Picking Sides
Race, Ethnicity and Recruitment in the Colonial Nigerian Army
Argues that an understanding of the origins of ethnic politics in Nigeria requires a rigorous historical and sociological study of the ethnicisation of the colonial army
Description
After fighting in two World Wars and decades of serving Britain as its colonial master, the Nigerian Army had its first indigenous head in 1965. However, the army left behind by the British was stratified along ethnic lines, much like the polity. By January 1966, with the public disillusioned by political crises and critical of the political class, matters came to a head. ‘Today‘, the Western Nigerian premier warned his dismissive Northern counterpart regarding the military men surrounding them, ‘they are going to kill us’. Hours later, on 15 January, both men, the Prime Minister and several others, had been murdered in a violent coup d’état. Democracy in Nigeria died to jubilation in the streets. However, the military that seized political power proved unprepared to wield it. Months later, another coup followed. The following year, Nigeria was plunged into a bloody civil war where once brothers-in-arms were forced to pick sides.

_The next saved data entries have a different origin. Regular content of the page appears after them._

(* Let $\mathsf{T}$ be a quantifier-free set theory extending $\mathsf{MLS}$ (its literals include all $\mathsf{MLS}$ literals, in particular membership literals $x\in y$ between set variables). Suppose $\mathsf{T}$ contains a conjunction of literals $\varphi$ with a designated variable $\bar x$ such that, for some integer $k\ge2$: every set assignment satisfying $\varphi$ assigns to $\bar x$ a set of cardinality at most $k$, and some set assignment satisfying $\varphi$ assigns to $\bar x$ a set of cardinality exactly $k$. Then $\mathsf{T}$ is not convex.
   Context: $\mathsf{MLS}$ is the quantifier-free propositional closure of atoms $x=\varnothing$, $x=y$, $x\subseteq y$, $x\in y$, $x=y\setminus z$, $x=y\cup z$, $x=y\cap z$ over set variables, interpreted by set assignments, i.e. maps from finitely many set variables into the von Neumann universe, with the usual meaning of the symbols. A theory of this kind is convex if for every conjunction of its literals $\psi$ and every finite nonempty set $\mathcal{E}$ of equalities between variables, whenever every set assignment satisfying $\psi$ satisfies $\bigvee\mathcal{E}$, there is some $x=y$ in $\mathcal{E}$ satisfied by every set assignment satisfying $\psi$. *)

theory Defs
  imports Main
begin

definition set_universe :: "('v \<Rightarrow> 'v \<Rightarrow> bool) \<Rightarrow> bool" where
  "set_universe mem \<longleftrightarrow>
     (\<forall>a b. (\<forall>z. mem z a \<longleftrightarrow> mem z b) \<longrightarrow> a = b) \<and> wfP mem"

definition elems :: "('v \<Rightarrow> 'v \<Rightarrow> bool) \<Rightarrow> 'v \<Rightarrow> 'v set" where
  "elems mem s = {z. mem z s}"

datatype 'x mls_atom =
    EmptyA 'x
  | EqA 'x 'x
  | SubA 'x 'x
  | MemA 'x 'x
  | DiffA 'x 'x 'x
  | UnA 'x 'x 'x
  | IntA 'x 'x 'x

datatype 'x mls_lit = Pos "'x mls_atom" | Neg "'x mls_atom"

fun mls_atom_holds :: "('v \<Rightarrow> 'v \<Rightarrow> bool) \<Rightarrow> ('x \<Rightarrow> 'v) \<Rightarrow> 'x mls_atom \<Rightarrow> bool" where
  "mls_atom_holds mem \<sigma> (EmptyA x) = (\<forall>z. \<not> mem z (\<sigma> x))"
| "mls_atom_holds mem \<sigma> (EqA x y) = (\<sigma> x = \<sigma> y)"
| "mls_atom_holds mem \<sigma> (SubA x y) = (\<forall>z. mem z (\<sigma> x) \<longrightarrow> mem z (\<sigma> y))"
| "mls_atom_holds mem \<sigma> (MemA x y) = mem (\<sigma> x) (\<sigma> y)"
| "mls_atom_holds mem \<sigma> (DiffA x y w) = (\<forall>z. mem z (\<sigma> x) \<longleftrightarrow> mem z (\<sigma> y) \<and> \<not> mem z (\<sigma> w))"
| "mls_atom_holds mem \<sigma> (UnA x y w) = (\<forall>z. mem z (\<sigma> x) \<longleftrightarrow> mem z (\<sigma> y) \<or> mem z (\<sigma> w))"
| "mls_atom_holds mem \<sigma> (IntA x y w) = (\<forall>z. mem z (\<sigma> x) \<longleftrightarrow> mem z (\<sigma> y) \<and> mem z (\<sigma> w))"

fun mls_lit_holds :: "('v \<Rightarrow> 'v \<Rightarrow> bool) \<Rightarrow> ('x \<Rightarrow> 'v) \<Rightarrow> 'x mls_lit \<Rightarrow> bool" where
  "mls_lit_holds mem \<sigma> (Pos a) = mls_atom_holds mem \<sigma> a"
| "mls_lit_holds mem \<sigma> (Neg a) = (\<not> mls_atom_holds mem \<sigma> a)"

fun mls_atom_vars :: "'x mls_atom \<Rightarrow> 'x set" where
  "mls_atom_vars (EmptyA x) = {x}"
| "mls_atom_vars (EqA x y) = {x, y}"
| "mls_atom_vars (SubA x y) = {x, y}"
| "mls_atom_vars (MemA x y) = {x, y}"
| "mls_atom_vars (DiffA x y w) = {x, y, w}"
| "mls_atom_vars (UnA x y w) = {x, y, w}"
| "mls_atom_vars (IntA x y w) = {x, y, w}"

fun mls_lit_vars :: "'x mls_lit \<Rightarrow> 'x set" where
  "mls_lit_vars (Pos a) = mls_atom_vars a"
| "mls_lit_vars (Neg a) = mls_atom_vars a"

text \<open>A quantifier-free theory: a type of literals 'lit over variables 'var, with a
  satisfaction relation holds (assignment, literal) and the finite set of variables of
  each literal; satisfaction of a literal depends only on the values of its variables.\<close>

definition qf_theory :: "(('var \<Rightarrow> 'v) \<Rightarrow> 'lit \<Rightarrow> bool) \<Rightarrow> ('lit \<Rightarrow> 'var set) \<Rightarrow> bool" where
  "qf_theory holds vars \<longleftrightarrow>
     (\<forall>l. finite (vars l)) \<and>
     (\<forall>l \<sigma> \<tau>. (\<forall>x\<in>vars l. \<sigma> x = \<tau> x) \<longrightarrow> holds \<sigma> l = holds \<tau> l)"

definition extends_MLS ::
  "('v \<Rightarrow> 'v \<Rightarrow> bool) \<Rightarrow> (('var \<Rightarrow> 'v) \<Rightarrow> 'lit \<Rightarrow> bool) \<Rightarrow> ('lit \<Rightarrow> 'var set)
     \<Rightarrow> ('var mls_lit \<Rightarrow> 'lit) \<Rightarrow> bool" where
  "extends_MLS mem holds vars emb \<longleftrightarrow>
     (\<forall>l \<sigma>. holds \<sigma> (emb l) = mls_lit_holds mem \<sigma> l) \<and>
     (\<forall>l. vars (emb l) = mls_lit_vars l)"

definition sat :: "(('var \<Rightarrow> 'v) \<Rightarrow> 'lit \<Rightarrow> bool) \<Rightarrow> ('var \<Rightarrow> 'v) \<Rightarrow> 'lit list \<Rightarrow> bool" where
  "sat holds \<sigma> \<phi> \<longleftrightarrow> (\<forall>l\<in>set \<phi>. holds \<sigma> l)"

definition convex :: "(('var \<Rightarrow> 'v) \<Rightarrow> 'lit \<Rightarrow> bool) \<Rightarrow> bool" where
  "convex holds \<longleftrightarrow>
     (\<forall>(\<psi> :: 'lit list) (E :: ('var \<times> 'var) set).
        finite E \<and> E \<noteq> {} \<and>
        (\<forall>\<sigma>. sat holds \<sigma> \<psi> \<longrightarrow> (\<exists>(x, y)\<in>E. \<sigma> x = \<sigma> y)) \<longrightarrow>
        (\<exists>(x, y)\<in>E. \<forall>\<sigma>. sat holds \<sigma> \<psi> \<longrightarrow> \<sigma> x = \<sigma> y))"

end

theory Submission
  imports Defs
begin

text \<open>Adjoin to \<open>\<phi>\<close> the literals \<open>y\<^sub>i \<in> xbar\<close> (\<open>i = 0, \<dots>, k\<close>) for fresh variables \<open>y\<^sub>i\<close>.
  Since \<open>xbar\<close> has at most \<open>k\<close> elements in every model of \<open>\<phi>\<close>, every model of the extended
  conjunction identifies two of the \<open>y\<^sub>i\<close>, so it entails the disjunction of all \<open>y\<^sub>i = y\<^sub>j\<close>
  with \<open>i \<noteq> j\<close>. No single disjunct is entailed: take a model of \<open>\<phi>\<close> in which \<open>xbar\<close> has two
  distinct elements \<open>a\<close> and \<open>b\<close>, and send \<open>y\<^sub>i\<close> to \<open>b\<close> and every other \<open>y\<^sub>j\<close> to \<open>a\<close>.\<close>

lemma two_le_card_ex_distinct:
  assumes "2 \<le> card A"
  shows "\<exists>a\<in>A. \<exists>b\<in>A. a \<noteq> b"
proof -
  have "finite A" and "\<not> card A \<le> Suc 0"
    using assms card.infinite by fastforce+
  then show ?thesis
    using card_le_Suc0_iff_eq by blast
qed

lemma infinite_UNIV_fresh_list:
  assumes "infinite (UNIV :: 'a set)" and "finite F"
  shows "\<exists>ys :: 'a list. card (set ys) = n \<and> set ys \<inter> F = {}"
proof -
  obtain Y where Y: "finite Y" "card Y = n" "Y \<subseteq> UNIV - F"
    using infinite_arbitrarily_large[of "UNIV - F" n] assms by auto
  obtain ys where "set ys = Y"
    using finite_list[OF Y(1)] by blast
  with Y show ?thesis
    by auto
qed

lemma sat_append [simp]: "sat holds \<sigma> (\<phi> @ \<psi>) \<longleftrightarrow> sat holds \<sigma> \<phi> \<and> sat holds \<sigma> \<psi>"
  unfolding sat_def by auto

lemma qf_theory_finite_vars:
  assumes "qf_theory holds vars"
  shows "finite (\<Union>l\<in>set \<phi>. vars l)"
  using assms unfolding qf_theory_def by auto

lemma qf_theory_sat_cong:
  assumes "qf_theory holds vars" and "\<forall>v\<in>(\<Union>l\<in>set \<phi>. vars l). \<sigma> v = \<tau> v"
  shows "sat holds \<sigma> \<phi> \<longleftrightarrow> sat holds \<tau> \<phi>"
  using assms unfolding qf_theory_def sat_def by blast

lemma not_convexI:
  assumes "finite E" and "E \<noteq> {}"
    and "\<forall>\<sigma>. sat holds \<sigma> \<psi> \<longrightarrow> (\<exists>(x, y)\<in>E. \<sigma> x = \<sigma> y)"
    and "\<forall>(x, y)\<in>E. \<exists>\<sigma>. sat holds \<sigma> \<psi> \<and> \<sigma> x \<noteq> \<sigma> y"
  shows "\<not> convex holds"
proof
  assume "convex holds"
  then have "\<exists>(x, y)\<in>E. \<forall>\<sigma>. sat holds \<sigma> \<psi> \<longrightarrow> \<sigma> x = \<sigma> y"
    using assms(1-3) unfolding convex_def by simp
  with assms(4) show False
    by fastforce
qed

definition member_lits :: "('var mls_lit \<Rightarrow> 'lit) \<Rightarrow> 'var \<Rightarrow> 'var list \<Rightarrow> 'lit list" where
  "member_lits emb x ys = map (\<lambda>y. emb (Pos (MemA y x))) ys"

lemma sat_member_lits:
  assumes "extends_MLS mem holds vars emb"
  shows "sat holds \<sigma> (member_lits emb x ys) \<longleftrightarrow> (\<forall>y\<in>set ys. mem (\<sigma> y) (\<sigma> x))"
  using assms unfolding extends_MLS_def member_lits_def sat_def by simp

lemma sat_member_lits_collision:
  assumes "extends_MLS mem holds vars emb"
    and "\<forall>\<sigma>. sat holds \<sigma> \<phi> \<longrightarrow> finite (elems mem (\<sigma> x)) \<and> card (elems mem (\<sigma> x)) \<le> k"
    and "k < card (set ys)"
    and "sat holds \<sigma> (\<phi> @ member_lits emb x ys)"
  shows "\<exists>(u, v)\<in>set ys \<times> set ys - Id. \<sigma> u = \<sigma> v"
proof -
  have members: "\<sigma> ` set ys \<subseteq> elems mem (\<sigma> x)"
    using assms(1,4) by (auto simp: sat_member_lits elems_def)
  have finite: "finite (elems mem (\<sigma> x))" and bound: "card (elems mem (\<sigma> x)) \<le> k"
    using assms(2,4) by auto
  have "\<not> inj_on \<sigma> (set ys)"
  proof
    assume "inj_on \<sigma> (set ys)"
    from card_inj_on_le[OF this members finite] bound assms(3) show False
      by simp
  qed
  then show ?thesis
    unfolding inj_on_def by blast
qed

lemma sat_member_lits_fresh:
  assumes "qf_theory holds vars" and "extends_MLS mem holds vars emb"
    and "sat holds \<sigma> \<phi>"
    and "set ys \<inter> insert x (\<Union>l\<in>set \<phi>. vars l) = {}"
    and "\<forall>y\<in>set ys. mem (g y) (\<sigma> x)"
  shows "sat holds (\<lambda>v. if v \<in> set ys then g v else \<sigma> v) (\<phi> @ member_lits emb x ys)"
proof -
  let ?\<tau> = "\<lambda>v. if v \<in> set ys then g v else \<sigma> v"
  have "\<forall>v\<in>(\<Union>l\<in>set \<phi>. vars l). ?\<tau> v = \<sigma> v"
    using assms(4) by auto
  then have "sat holds ?\<tau> \<phi> \<longleftrightarrow> sat holds \<sigma> \<phi>"
    by (rule qf_theory_sat_cong[OF assms(1)])
  with assms(3) have "sat holds ?\<tau> \<phi>"
    by simp
  moreover have "sat holds ?\<tau> (member_lits emb x ys)"
    using assms(4,5) by (auto simp: sat_member_lits[OF assms(2)])
  ultimately show ?thesis
    by simp
qed

lemma sat_member_lits_separate:
  assumes "qf_theory holds vars" and "extends_MLS mem holds vars emb"
    and "sat holds \<sigma> \<phi>"
    and "set ys \<inter> insert x (\<Union>l\<in>set \<phi>. vars l) = {}"
    and "mem a (\<sigma> x)" and "mem b (\<sigma> x)" and "a \<noteq> b"
    and "u \<in> set ys" and "v \<in> set ys" and "u \<noteq> v"
  shows "\<exists>\<tau>. sat holds \<tau> (\<phi> @ member_lits emb x ys) \<and> \<tau> u \<noteq> \<tau> v"
proof -
  let ?\<tau> = "\<lambda>w. if w \<in> set ys then if w = u then b else a else \<sigma> w"
  have "sat holds ?\<tau> (\<phi> @ member_lits emb x ys)"
    using sat_member_lits_fresh[OF assms(1-4), of "\<lambda>y. if y = u then b else a"] assms(5,6)
    by simp
  moreover have "?\<tau> u \<noteq> ?\<tau> v"
    using assms(7-10) by simp
  ultimately show ?thesis
    by blast
qed

theorem lemma13:
  fixes mem :: "'v \<Rightarrow> 'v \<Rightarrow> bool"
    and holds :: "('var \<Rightarrow> 'v) \<Rightarrow> 'lit \<Rightarrow> bool"
    and vars :: "'lit \<Rightarrow> 'var set"
    and emb :: "'var mls_lit \<Rightarrow> 'lit"
    and \<phi> :: "'lit list"
    and xbar :: 'var
    and k :: nat
  assumes "set_universe mem"
    and "infinite (UNIV :: 'var set)"
    and "qf_theory holds vars"
    and "extends_MLS mem holds vars emb"
    and "k \<ge> 2"
    and "\<forall>\<sigma>. sat holds \<sigma> \<phi> \<longrightarrow> finite (elems mem (\<sigma> xbar)) \<and> card (elems mem (\<sigma> xbar)) \<le> k"
    and "\<exists>\<sigma>. sat holds \<sigma> \<phi> \<and> finite (elems mem (\<sigma> xbar)) \<and> card (elems mem (\<sigma> xbar)) = k"
  shows "\<not> convex holds"
proof -
  obtain \<sigma> a b where \<sigma>: "sat holds \<sigma> \<phi>" and ab: "mem a (\<sigma> xbar)" "mem b (\<sigma> xbar)" "a \<noteq> b"
    using assms(5,7) two_le_card_ex_distinct[of "elems mem _"] unfolding elems_def by fastforce
  obtain ys where ys: "card (set ys) = Suc k" "set ys \<inter> insert xbar (\<Union>l\<in>set \<phi>. vars l) = {}"
    using infinite_UNIV_fresh_list[OF assms(2)] qf_theory_finite_vars[OF assms(3)] by blast
  let ?E = "set ys \<times> set ys - Id"
  show ?thesis
  proof (rule not_convexI)
    show "finite ?E"
      by simp
    show "?E \<noteq> {}"
      using two_le_card_ex_distinct[of "set ys"] ys(1) assms(5) by auto
    show "\<forall>\<tau>. sat holds \<tau> (\<phi> @ member_lits emb xbar ys) \<longrightarrow> (\<exists>(u, v)\<in>?E. \<tau> u = \<tau> v)"
      using sat_member_lits_collision[OF assms(4,6)] ys(1) by simp
    show "\<forall>(u, v)\<in>?E. \<exists>\<tau>. sat holds \<tau> (\<phi> @ member_lits emb xbar ys) \<and> \<tau> u \<noteq> \<tau> v"
      using sat_member_lits_separate[OF assms(3,4) \<sigma> ys(2) ab] by blast
  qed
qed

end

Employing archival research and a sociological enquiry, Picking Sides connects dots, arguing that the Army’s disintegration in 1966 was over a half-century in the making. Beginning in the mid-19th Century, the groundbreaking volume presents a gripping political history of Nigeria, from the colonial army’s perspective, until the military takeover.
Author(s)
Akali Omeni (PhD, Kings College London) is Lecturer at the Handa Centre for the Study of Terrorism and Political Violence, University of St Andrews. His three previously published books include Policing and Politics in Nigeria.